Saturday, June 20, 2015

I don’t even know where to start. I mean, I’ve been here before: heartsick, nettled, hurt, with a tight ball scratching the middle of my throat as I shake my head and say that this cannot continue.

How can it keep going on like this? The breaking point, we passed that long ago. But here we are again, staring at this thing — this assault on Black Lives — fresh.

 

USATODAY-Victims

 

But for me, the words, they are not coming this time. They’ve been lost, or more likely trapped beneath unbearable grief, outrage and exasperation at being here at this horrible nexus once more. Others have managed to drag sentiment and emotion out from under the rubble of all this and push the right sentences together to express how they feel, how I feel. And I’m grateful for that. I’m grateful for their important voices, letting me know that they’ve been crushed under the weight of it, too; that they are sick and tired of this warped paradigm and are desperately searching for new roads out of this deep, ugly pit into which we continue to sink.

People like Jon Stewart.

And people like:

Jamil Smith in The New Republic.

Anthea Butler in The Washington Post.

Charles P. Pierce in Esquire.

Ta-Nehisi Coates in The Atlantic.

Updated to include:

Edwidge Danticat in The New Yorker

And this must-read piece by Claudia Rankine called “The Condition of Black Life Is One of Mourning”  in The New York Times Magazine. Rankine grabs all that’s weighing down my heart and spills it out across the page. For example, she writes:

“The truth, as I see it, is that if black men and women, black boys and girls, mattered, if we were seen as living, we would not be dying simply because whites don’t like us. Our deaths inside a system of racism existed before we were born. The legacy of black bodies as property and subsequently three-fifths human continues to pollute the white imagination. To inhabit our citizenry fully, we have to not only understand this, but also grasp it.”

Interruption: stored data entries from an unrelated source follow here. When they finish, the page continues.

(* Let $g\in T$ be represented by a pair of finite rooted binary trees $(T_-,T_+)$ with $n$ leaves each and a shift $k\in\{0,\dots,n-1\}$, so that $g$ maps the $i$-th leaf interval of $T_-$ affinely onto the $\sigma(i)$-th leaf interval of $T_+$, where $\sigma(i)\equiv i+k \pmod n$, $\sigma(i)\in\{1,\dots,n\}$. Form the doubly labelled closed strand diagram of $g$ as in the context, and apply doubly labelled Rule I repeatedly, in any order, until no edge goes from a merge vertex to a split vertex. Then the final diagram contains an oriented cycle, and for any oriented cycle in it, if $a$ is the sum of the blue labels and $b$ the sum of the red labels along the cycle, then $b\ge1$ and the rotation number of $g$ is $\operatorname{rot}(g)=\frac ab \bmod \mathbb Z$.
   Context: Thompson's group $T$ is the group of orientation-preserving homeomorphisms of the circle $\mathbb S=[0,1]/(0\sim1)$ that are piecewise affine with slopes powers of $2$ and finitely many breakpoints at dyadic rationals. A finite rooted binary tree with $n$ leaves (ordered left to right) determines a subdivision of $[0,1]$ into $n$ standard dyadic intervals (the root is $[0,1]$, and a node $[p,q]$ has children $[p,\frac{p+q}2]$ and $[\frac{p+q}2,q]$). For $g\in\mathrm{Homeo}^+(\mathbb S)$ with lift $\hat g\in\mathrm{Homeo}^+(\mathbb R)$, $\operatorname{rot}(g)=\lim_{i\to\infty}\hat g^i(x)/i \bmod\mathbb Z$. Doubly labelled closed strand diagram: a directed graph whose $n-1$ split vertices are the internal nodes of $T_-$ (one incoming edge, two outgoing edges ordered left/right, directed root-to-leaves) and whose $n-1$ merge vertices are the internal nodes of $T_+$ (two incoming edges ordered left/right, one outgoing edge, directed leaves-to-root); the $i$-th leaf of $T_-$ is joined to the $\sigma(i)$-th leaf of $T_+$, and the root of $T_+$ is joined to the root of $T_-$, erasing bivalent points so these become single edges. Each edge carries two nonnegative integer labels, red and blue. Red labels: $1$ on the edge through the glued roots, $0$ elsewhere. Blue labels: $1$ on the edge through the junction of leaf $i$ of $T_-$ with leaf $\sigma(i)$ of $T_+$ whenever $i+k>n$ (i.e. the connection wraps around the circle), $0$ elsewhere; if an edge contains several such junctions or the root junction, its labels are the corresponding sums. Doubly labelled Rule I: if an edge $e$ goes from a merge vertex $m$ (incoming edges $x_1$ left, $x_2$ right) to a split vertex $s$ (outgoing edges $z_1$ left, $z_2$ right), delete $m,s,e$ and for $i=1,2$ join strand $x_i$ to strand $z_i$ through $e$; each resulting edge gets, for each colour separately, as label the sum with multiplicity of the labels of the old edge-pieces composing it (e.g. $x_1+y+z_1$ and $x_2+y+z_2$ if the four edges are distinct, $x_1+x_2+2y+z_2$ if $x_2=z_1$). Strands closing up on themselves become vertex-free closed loops labelled by the sums along them (a closed loop counts as an oriented cycle). *)

theory Defs
  imports Complex_Main
begin

datatype tree = Leaf | Node tree tree

fun nleaves :: "tree \<Rightarrow> nat" where
  "nleaves Leaf = 1"
| "nleaves (Node l r) = nleaves l + nleaves r"

fun leafints :: "tree \<Rightarrow> real \<Rightarrow> real \<Rightarrow> (real \<times> real) list" where
  "leafints Leaf p q = [(p, q)]"
| "leafints (Node l r) p q = leafints l p ((p + q) / 2) @ leafints r ((p + q) / 2) q"

text \<open>Node addresses: False = left child, True = right child; [] is the root.\<close>
fun nodes :: "tree \<Rightarrow> bool list set" where
  "nodes Leaf = {[]}"
| "nodes (Node l r) = {[]} \<union> Cons False ` nodes l \<union> Cons True ` nodes r"

fun leafaddrs :: "tree \<Rightarrow> bool list list" where
  "leafaddrs Leaf = [[]]"
| "leafaddrs (Node l r) = map (Cons False) (leafaddrs l) @ map (Cons True) (leafaddrs r)"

I read Rankine’s piece standing at the kitchen counter, barely able to move, my skin soaking up each word.

New Yorker cover story "Charleston Nine"

(via The New Yorker)

These people (and many more) are helping me find my footing and focus again.

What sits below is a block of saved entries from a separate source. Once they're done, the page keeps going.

(* Let $\sigma$ and $\tau$ be compositions of the same positive integer $m$. Then the map $\Psi_{\sigma,\tau}:\Gamma(\mathsf{hypo},\sigma)\to\Gamma(\mathsf{hypo},\tau)$, $T\mapsto\pi_\tau(\overline{T})$, is an isomorphism of unlabelled directed graphs.
   Context: Entries are positive integers. A quasi-array of size $m$ is an array $Q$ with cells $(i,j)$, $1\le i\le m$, $1\le j\le m-i+1$, each containing a positive integer, with first row weakly increasing and $Q_{(i,j)}=Q_{(1,i+j-1)}+i-1$. A quasi-ribbon tableau of shape $\sigma=(\sigma_1,\dots,\sigma_r)$ is a filling with positive integers of the diagram having $\sigma_i$ cells in row $i$, the leftmost cell of row $i+1$ directly below the rightmost cell of row $i$, weakly increasing along rows and strictly increasing down columns. Its column reading is the word read column by column left to right, each column bottom to top. Quasi-Kashiwara operator $f_i$ on a word $u$: undefined if $u$ contains a subsequence $(i+1)\,i$ or contains no $i$; otherwise replaces the rightmost $i$ by $i+1$. $\Gamma(\mathsf{hypo},\sigma)$ is the directed graph whose vertices are the quasi-ribbon tableaux of shape $\sigma$ (identified with their column readings), with an edge $u\to f_i(u)$ labelled $i$ whenever defined. For a quasi-array $Q$ of size $m$ and composition $\tau$ of $m$, $\pi_\tau(Q)$ is the quasi-ribbon tableau formed by the cells of $Q$ making up a quasi-ribbon diagram of shape $\tau$ whose first cell is $(1,1)$. For a quasi-ribbon tableau $T$ of shape $\sigma$ with $m$ cells, $\overline{T}$ is the unique quasi-array of size $m$ with $\pi_\sigma(\overline{T})=T$. *)

theory Defs
  imports Main
begin

(* Conventions: all coordinates (row i, column j) are 1-based, as in the paper.
   Rows are numbered top to bottom, columns left to right.
   Tableaux and quasi-arrays are functions nat \<times> nat \<Rightarrow> nat that are 0 outside
   their set of cells (so that a filling is a unique object). *)

definition is_composition :: "nat \<Rightarrow> nat list \<Rightarrow> bool" where
  "is_composition m \<sigma> \<longleftrightarrow> (\<forall>x\<in>set \<sigma>. 0 < x) \<and> sum_list \<sigma> = m"

(* column of the leftmost cell of row i (1-based) of the quasi-ribbon diagram of shape \<sigma>:
   the leftmost cell of row i+1 lies directly below the rightmost cell of row i *)
definition qr_row_start :: "nat list \<Rightarrow> nat \<Rightarrow> nat" where
  "qr_row_start \<sigma> i = 1 + sum_list (map (\<lambda>x. x - 1) (take (i - 1) \<sigma>))"

definition qr_diagram :: "nat list \<Rightarrow> (nat \<times> nat) set" where
  "qr_diagram \<sigma> = {(i, j). 1 \<le> i \<and> i \<le> length \<sigma> \<and>
      qr_row_start \<sigma> i \<le> j \<and> j < qr_row_start \<sigma> i + \<sigma> ! (i - 1)}"

definition is_qr_tableau :: "nat list \<Rightarrow> (nat \<times> nat \<Rightarrow> nat) \<Rightarrow> bool" where
  "is_qr_tableau \<sigma> T \<longleftrightarrow>
     (\<forall>c. c \<notin> qr_diagram \<sigma> \<longrightarrow> T c = 0) \<and>
     (\<forall>c\<in>qr_diagram \<sigma>. 1 \<le> T c) \<and>
     (\<forall>i j. (i, j) \<in> qr_diagram \<sigma> \<and> (i, Suc j) \<in> qr_diagram \<sigma> \<longrightarrow> T (i, j) \<le> T (i, Suc j)) \<and>
     (\<forall>i j. (i, j) \<in> qr_diagram \<sigma> \<and> (Suc i, j) \<in> qr_diagram \<sigma> \<longrightarrow> T (i, j) < T (Suc i, j))"

definition col_reading :: "nat list \<Rightarrow> (nat \<times> nat \<Rightarrow> nat) \<Rightarrow> nat list" where
  "col_reading \<sigma> T = concat (map (\<lambda>j. map (\<lambda>i. T (i, j))
       (rev (filter (\<lambda>i. (i, j) \<in> qr_diagram \<sigma>) [1..<Suc (length \<sigma>)])))
     [1..<Suc (sum_list \<sigma>)])"

definition qk_f :: "nat \<Rightarrow> nat list \<Rightarrow> nat list option" where
  "qk_f i u = (if i \<notin> set u \<or>
                  (\<exists>p q. p < q \<and> q < length u \<and> u ! p = i + 1 \<and> u ! q = i)
               then None
               else Some (u[Max {k. k < length u \<and> u ! k = i} := i + 1]))"

(* the graph \<Gamma>(hypo, \<sigma>): vertices the quasi-ribbon tableaux of shape \<sigma>
   (identified with their column readings) *)
definition hypo_vertices :: "nat list \<Rightarrow> (nat \<times> nat \<Rightarrow> nat) set" where
  "hypo_vertices \<sigma> = {T. is_qr_tableau \<sigma> T}"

And while I’ve finally steadied myself enough to read about the nine victims killed at Emanuel African Methodist Episcopal Church in Charleston, South Carolina, on sites like BuzzFeed, I simply wasn’t prepared to watch this video of the victims’ families addressing the man who murdered their loved ones.

“You took something very precious away from me. I will never talk to her ever again. I will never be able to hold her again. But I forgive you.”

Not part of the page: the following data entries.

lemma cyclic_nth_eq_iff:
  assumes "distinct xs" "d < length xs" "e < length xs"
  shows "cyclic_nth xs (m + d) = cyclic_nth xs (m + e) \<longleftrightarrow> d = e"
proof -
  have "xs \<noteq> []" using assms(2) by auto
  then have "cyclic_nth xs (m + d) = cyclic_nth xs (m + e) \<longleftrightarrow> [m + d = m + e] (mod length xs)"
    using assms(1) by (simp add: cyclic_nth_def nth_eq_iff_index_eq cong_def)
  also have "\<dots> \<longleftrightarrow> d = e"
    using assms(2,3) cong_less_modulus_unique_nat by (auto simp: cong_add_lcancel_nat)
  finally show ?thesis .
qed

lemma induced_cycle_adj_cyclic_nth:
  assumes "induced_cycle V adj cs"
  shows "adj (cyclic_nth cs m) (cyclic_nth cs (m + d)) \<longleftrightarrow>
           d mod length cs = 1 \<or> d mod length cs = length cs - 1"
proof -
  define n where "n = length cs"
  have n: "n \<ge> 3" using assms unfolding induced_cycle_def n_def by simp
  have "m mod n < n" "(m + d) mod n < n" using n by simp_all
  then have "adj (cyclic_nth cs m) (cyclic_nth cs (m + d)) \<longleftrightarrow>
          (m + d) mod n = Suc (m mod n) mod n \<or> m mod n = Suc ((m + d) mod n) mod n"
    using assms unfolding induced_cycle_def cyclic_nth_def n_def by blast
  also have "\<dots> \<longleftrightarrow> [m + d = m + 1] (mod n) \<or> [m = m + d + 1] (mod n)"
    by (simp add: cong_def mod_Suc_eq)
  also have "[m + d = m + 1] (mod n) \<longleftrightarrow> d mod n = 1"
    unfolding cong_add_lcancel_nat using n by (simp add: cong_def)
  also have "[m = m + d + 1] (mod n) \<longleftrightarrow> d mod n = n - 1"
  proof -
    have "[m = m + d + 1] (mod n) \<longleftrightarrow> [m + (d + 1) = m] (mod n)"
      by (simp add: cong_sym_eq)
    also have "\<dots> \<longleftrightarrow> Suc d mod n = 0"
      unfolding cong_add_lcancel_0_nat by (simp add: cong_def)
    also have "\<dots> \<longleftrightarrow> d mod n = n - 1"
      using n unfolding mod_Suc by (simp split: if_split) linarith
    finally show ?thesis .
  qed
  finally show ?thesis unfolding n_def .
qed

lemma induced_cycle_nonneighbour_iff:
  assumes cyc: "induced_cycle V adj cs" and d: "d < length cs"
  shows "cyclic_nth cs (m + d) \<notin> closed_nbhd adj (cyclic_nth cs m) \<longleftrightarrow>
           2 \<le> d \<and> d + 2 \<le> length cs"
proof -
  have "distinct cs" "0 < length cs" using cyc d unfolding induced_cycle_def by auto
  then have "cyclic_nth cs (m + d) = cyclic_nth cs (m + 0) \<longleftrightarrow> d = 0"
    using cyclic_nth_eq_iff[of cs d 0 m] d by blast
  moreover have "adj (cyclic_nth cs m) (cyclic_nth cs (m + d)) \<longleftrightarrow> d = 1 \<or> d = length cs - 1"
    using induced_cycle_adj_cyclic_nth[OF cyc] d by simp
  ultimately show ?thesis
    using d unfolding closed_nbhd_def by auto
qed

They forgave him, while the despair and unimaginable pain were still raw and clawing at them. They forgave him. They looked at this man covered in darkness and evil and they let their light shine on him. Hearing the emotion in the families’ voices… it crushed me all over again, just wrenched my soul.

I’ve been trying to take care of myself, my mind and spirit, by backing away from social media on this horrible massacre and instead hanging out with my son this week, the start of his summer break. We went to a baking workshop where kids can make cookies one day, and off to a feel-good movie about well, feelings, the next day. I’ve put my entire effort into being a light for him, and he has been — as always — a clear and clean source of joy for me.

Cookie for Calm | Ms. Mary Mack

But I’m still tired. I’m still sad and angry. I’m still at a loss for what to do next, for how to get out of the quicksand of hopelessness.

Then on Friday, a friend posted something on Facebook that felt like a firm, steady hand lifting me up out of the muck. She did some research on things that she can do to “honor the victims of the terror attack in Charleston, and any ongoing efforts to unite and educate the public on how we can actively fight against racism.”

Here are some of the resources that she gathered:

And I’d like to add one more thing, especially for those of you who have a platform — a blog, a social media following, or whatever — please speak up. Even if you feel like you don’t have the words or fear saying them in the “wrong” way, please push that aside and lift up your voice. Write a blog post. Say a few words of meaning in the comment/caption of your Instagram photo. Share an important or informative article with your social media circle.

Do not be lulled into this false idea that it’s someone else’ s fight.

Do not let your silence betray your heart.

You are needed. Your voice, your support, they are needed. This battle is ours, and it’s going to take everyone operating on love, compassion, truth, and justice to bring about any real and meaningful change. Because it must change. It must.